REQUIRED WORK: Repeat verbatim, and only, the lines of the data below, beginning at the line that contains "Stone-Cech remainder: the" and stopping after the line that contains "by (rule continuous_map_pullback')".

RECORDS FOR THE EXERCISE:
text \<open>HOL cannot quantify over all types inside a formula, so Y ranges over all spaces
  on the (very large) type (a => real) set.\<close>
definition productively_Lindelof :: "'a topology \<Rightarrow> bool" where
  "productively_Lindelof X \<longleftrightarrow>
     (\<forall>Y :: ('a \<Rightarrow> real) set topology.
        tychonoff_space Y \<and> Lindelof_space Y \<longrightarrow> Lindelof_space (prod_topology X Y))"

definition irrationals_space :: "real topology" where
  "irrationals_space = top_of_set (- \<rat>)"

definition analytic_space :: "'b topology \<Rightarrow> bool" where
  "analytic_space Z \<longleftrightarrow>
     (\<exists>g. continuous_map irrationals_space Z g \<and> g ` topspace irrationals_space = topspace Z)"

text \<open>Stone-Cech compactification, realised concretely as the closure of the evaluation
  embedding of X into the Tychonoff cube [0,1]^C(X,[0,1]).\<close>
definition cube_index :: "'a topology \<Rightarrow> ('a \<Rightarrow> real) set" where
  "cube_index X = {f. continuous_map X (top_of_set {0..1}) f \<and> f \<in> extensional (topspace X)}"

definition tychonoff_cube :: "'a topology \<Rightarrow> (('a \<Rightarrow> real) \<Rightarrow> real) topology" where
  "tychonoff_cube X = product_topology (\<lambda>_. top_of_set {0..1}) (cube_index X)"

definition evaluation_map :: "'a topology \<Rightarrow> 'a \<Rightarrow> (('a \<Rightarrow> real) \<Rightarrow> real)" where
  "evaluation_map X x = restrict (\<lambda>f. f x) (cube_index X)"

definition stone_cech :: "'a topology \<Rightarrow> (('a \<Rightarrow> real) \<Rightarrow> real) topology" where
  "stone_cech X = subtopology (tychonoff_cube X)
      (tychonoff_cube X closure_of (evaluation_map X ` topspace X))"

definition stone_cech_remainder :: "'a topology \<Rightarrow> (('a \<Rightarrow> real) \<Rightarrow> real) topology" where
  "stone_cech_remainder X = subtopology (stone_cech X)
      (topspace (stone_cech X) - evaluation_map X ` topspace X)"

definition co_analytic_space :: "'a topology \<Rightarrow> bool" where
  "co_analytic_space X \<longleftrightarrow> analytic_space (stone_cech_remainder X)"

definition nowhere_locally_compact :: "'a topology \<Rightarrow> bool" where
  "nowhere_locally_compact X \<longleftrightarrow>
     (\<forall>x \<in> topspace X. \<not> (\<exists>U K. openin X U \<and> compactin X K \<and> x \<in> U \<and> U \<subseteq> K))"

definition sigma_compact_space :: "'a topology \<Rightarrow> bool" where
  "sigma_compact_space X \<longleftrightarrow>
     (\<exists>\<F>. countable \<F> \<and> (\<forall>K \<in> \<F>. compactin X K) \<and> \<Union>\<F> = topspace X)"

end

theory Submission
  imports Defs
begin

text \<open>Countably many functions \<open>f\<^sub>n : X \<rightarrow> [0,1]\<close> already separate \<open>X\<close> from its
  Stone-Cech remainder: the remainder is a continuous image of the irrationals \<open>P\<close>, the product
  \<open>X \<times> P\<close> is Lindelof, and at each of its points some coordinate of the Tychonoff cube tells the
  two factors apart. Hence \<open>\<psi> = (f\<^sub>n)\<^sub>n : X \<rightarrow> [0,1]\<^sup>\<nat>\<close> pulls compact subsets of
  \<open>S = \<psi>(X)\<close> back to compact sets, and if \<open>X\<close> is not \<open>\<sigma>\<close>-compact, then \<open>S\<close> is not covered by
  countably many compact subsets of itself. Under CH a diagonal construction of length \<open>\<omega>\<^sub>1\<close>
  then gives an uncountable \<open>A \<subseteq> S\<close> concentrated on \<open>[0,1]\<^sup>\<nat> - S\<close>. In the Michael-type space
  on \<open>([0,1]\<^sup>\<nat> - S) \<union> A\<close> whose points in \<open>A\<close> are isolated, concentration gives the Lindelof
  property, while in its product with \<open>X\<close> the closed graph of \<open>\<psi>\<close> can only be covered with
  all the uncountably many open sets \<open>X \<times> {a}\<close>, \<open>a \<in> A\<close>. So \<open>X\<close> is not productively
  Lindelof.\<close>

section \<open>Lindelof products\<close>

lemma homeomorphic_space_copy:
  fixes T :: "'b topology" and j :: "'b \<Rightarrow> 'c"
  assumes inj: "inj_on j (topspace T)"
  obtains T' :: "'c topology" where "T homeomorphic_space T'"
proof -
  define g where "g = inv_into (topspace T) j"
  define T' where "T' = pullback_topology (j ` topspace T) g T"
  have gj: "g (j x) = x" if "x \<in> topspace T" for x
    using inj that by (simp add: g_def)
  have top: "topspace T' = j ` topspace T"
    using gj by (auto simp: T'_def topspace_pullback_topology)
  have "continuous_map T' T g"
    using continuous_map_pullback[OF continuous_map_id, of "j ` topspace T" g] by (simp add: T'_def)
  moreover have "continuous_map T T' j"
    unfolding T'_def
    by (rule continuous_map_pullback') (auto intro: continuous_map_eq[OF continuous_map_id] simp: gj)
  ultimately have "homeomorphic_maps T T' j g"
    by (auto simp: homeomorphic_maps_def top gj)
  then show ?thesis
    using that homeomorphic_space_def by blast
qed
lemma variance_terms_ge:
  fixes sd sb S1 Sj s1 sj MM a :: real
  assumes sd: "sd \<ge> 1" and sb: "sb \<ge> 4"
    and S: "0 < S1" "0 < Sj" "S1 \<le> MM" "Sj \<le> MM"
    and s1: "\<bar>s1 - S1\<bar> \<le> S1 / (2 * sd)" and sj: "\<bar>sj - Sj\<bar> \<le> Sj / (2 * sd)"
    and a: "0 \<le> a" "Sj * (sd\<^sup>2 - 2 * sb * sd) \<le> a" "a \<le> Sj * (sd\<^sup>2 + 2 * sb * sd + 2 * sb\<^sup>2)"
  shows "- (5 * (MM / S1) * sb\<^sup>2) \<le> a / (2 * s1) - a / (2 * sj) + sd\<^sup>2 * ln s1 / 2 - sd\<^sup>2 * ln sj / 2"
proof -
  have "S1 / (2 * sd) \<le> S1 / 2" "Sj / (2 * sd) \<le> Sj / 2"
    using sd S by (simp_all add: field_simps)
  then have s1_bounds: "S1 / 2 \<le> s1" and sj_bounds: "Sj / 2 \<le> sj" "sj \<le> 3 / 2 * Sj"
    using s1 sj unfolding abs_le_iff by auto
  have pos: "s1 > 0" "sj > 0"
    using s1_bounds sj_bounds S by auto
  define \<rho> where "\<rho> = MM / S1"
  have \<rho>: "1 \<le> \<rho>"
    using S by (simp add: \<rho>_def)
  define t where "t = sj / s1"
  define A where "A = a / sj"
  have t: "t > 0"
    using pos by (simp add: t_def)
  have sb_sq: "4 * sb \<le> sb\<^sup>2"
    using sb by (simp add: power2_eq_square mult_right_mono)
  have "0 \<le> sb"
    using sb by simp
  note window = window_div_estimate_lower [OF sd this S(2) sj a(1,2), folded A_def]
    window_div_estimate_upper [OF sd this S(2) sj a(3), folded A_def]
  have "- (5 * \<rho> * sb\<^sup>2) \<le> A / 2 * (t - 1) - sd\<^sup>2 / 2 * ln t"
  proof (cases "1 \<le> t")
    case True
    have "t \<le> (3 / 2 * Sj) / (S1 / 2)"
      unfolding t_def using pos s1_bounds sj_bounds S by (intro frac_le) auto
    also have "\<dots> \<le> 3 * \<rho>"
      using S by (simp add: \<rho>_def divide_right_mono)
    finally have "t * (1 / 2 + 2 * sb)\<^sup>2 \<le> 3 * \<rho> * (1 / 2 + 2 * sb)\<^sup>2"
      by (intro mult_right_mono) auto
    moreover have "3 * \<rho> * (1 / 2 + 2 * sb)\<^sup>2 \<le> 20 * \<rho> * sb\<^sup>2"
    proof -
      have "(1 / 2 + 2 * sb)\<^sup>2 = 1 / 4 + 2 * sb + 4 * sb\<^sup>2"
        by (simp add: power2_eq_square algebra_simps)
      then have "3 * (1 / 2 + 2 * sb)\<^sup>2 \<le> 20 * sb\<^sup>2"
        using sb sb_sq by linarith
      then show ?thesis
        using \<rho> mult_left_mono [of "3 * (1 / 2 + 2 * sb)\<^sup>2" "20 * sb\<^sup>2" \<rho>] by (simp add: ac_simps)
    qed
    ultimately show ?thesis
      using variance_term_ge_of_ge_one [OF True window(1)] by linarith
  next
    case False
    have "(1 + 2 * sb)\<^sup>2 = 1 + 4 * sb + 4 * sb\<^sup>2"
      by (simp add: power2_eq_square algebra_simps)
    then have "(1 + 2 * sb)\<^sup>2 / 4 + (2 * sb + 4 * sb\<^sup>2) / 2 \<le> 5 * sb\<^sup>2"
      using sb sb_sq by (simp add: field_simps)
    moreover have "5 * sb\<^sup>2 \<le> 5 * \<rho> * sb\<^sup>2"
      using \<rho> by (simp add: mult_right_mono [of 1 \<rho>, simplified])
    moreover have "0 \<le> 2 * sb + 4 * sb\<^sup>2"
      using sb by simp
    then have "- ((1 + 2 * sb)\<^sup>2 / 4 + (2 * sb + 4 * sb\<^sup>2) / 2) \<le> A / 2 * (t - 1) - sd\<^sup>2 / 2 * ln t"
      using t False by (intro variance_term_ge_of_less_one window(2)) auto
    ultimately show ?thesis
      by linarith
  qed
  moreover have "A / 2 * (t - 1) - sd\<^sup>2 / 2 * ln t
      = a / (2 * s1) - a / (2 * sj) + sd\<^sup>2 * ln s1 / 2 - sd\<^sup>2 * ln sj / 2"
    using pos by (simp add: t_def A_def ln_div field_simps)
  ultimately show ?thesis
    by (simp add: \<rho>_def)
qed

SOLVED EXERCISE:
  Stone-Cech remainder: the remainder is a continuous image of the irrationals \<open>P\<close>, the product
  \<open>X \<times> P\<close> is Lindelof, and at each of its points some coordinate of the Tychonoff cube tells the
  two factors apart. Hence \<open>\<psi> = (f\<^sub>n)\<^sub>n : X \<rightarrow> [0,1]\<^sup>\<nat>\<close> pulls compact subsets of
  \<open>S = \<psi>(X)\<close> back to compact sets, and if \<open>X\<close> is not \<open>\<sigma>\<close>-compact, then \<open>S\<close> is not covered by
  countably many compact subsets of itself. Under CH a diagonal construction of length \<open>\<omega>\<^sub>1\<close>
  then gives an uncountable \<open>A \<subseteq> S\<close> concentrated on \<open>[0,1]\<^sup>\<nat> - S\<close>. In the Michael-type space
  on \<open>([0,1]\<^sup>\<nat> - S) \<union> A\<close> whose points in \<open>A\<close> are isolated, concentration gives the Lindelof
  property, while in its product with \<open>X\<close> the closed graph of \<open>\<psi>\<close> can only be covered with
  all the uncountably many open sets \<open>X \<times> {a}\<close>, \<open>a \<in> A\<close>. So \<open>X\<close> is not productively
  Lindelof.\<close>

section \<open>Lindelof products\<close>

lemma homeomorphic_space_copy:
  fixes T :: "'b topology" and j :: "'b \<Rightarrow> 'c"
  assumes inj: "inj_on j (topspace T)"
  obtains T' :: "'c topology" where "T homeomorphic_space T'"
proof -
  define g where "g = inv_into (topspace T) j"
  define T' where "T' = pullback_topology (j ` topspace T) g T"
  have gj: "g (j x) = x" if "x \<in> topspace T" for x
    using inj that by (simp add: g_def)
  have top: "topspace T' = j ` topspace T"
    using gj by (auto simp: T'_def topspace_pullback_topology)
  have "continuous_map T' T g"
    using continuous_map_pullback[OF continuous_map_id, of "j ` topspace T" g] by (simp add: T'_def)
  moreover have "continuous_map T T' j"
    unfolding T'_def
    by (rule continuous_map_pullback') (auto intro: continuous_map_eq[OF continuous_map_id] simp: gj)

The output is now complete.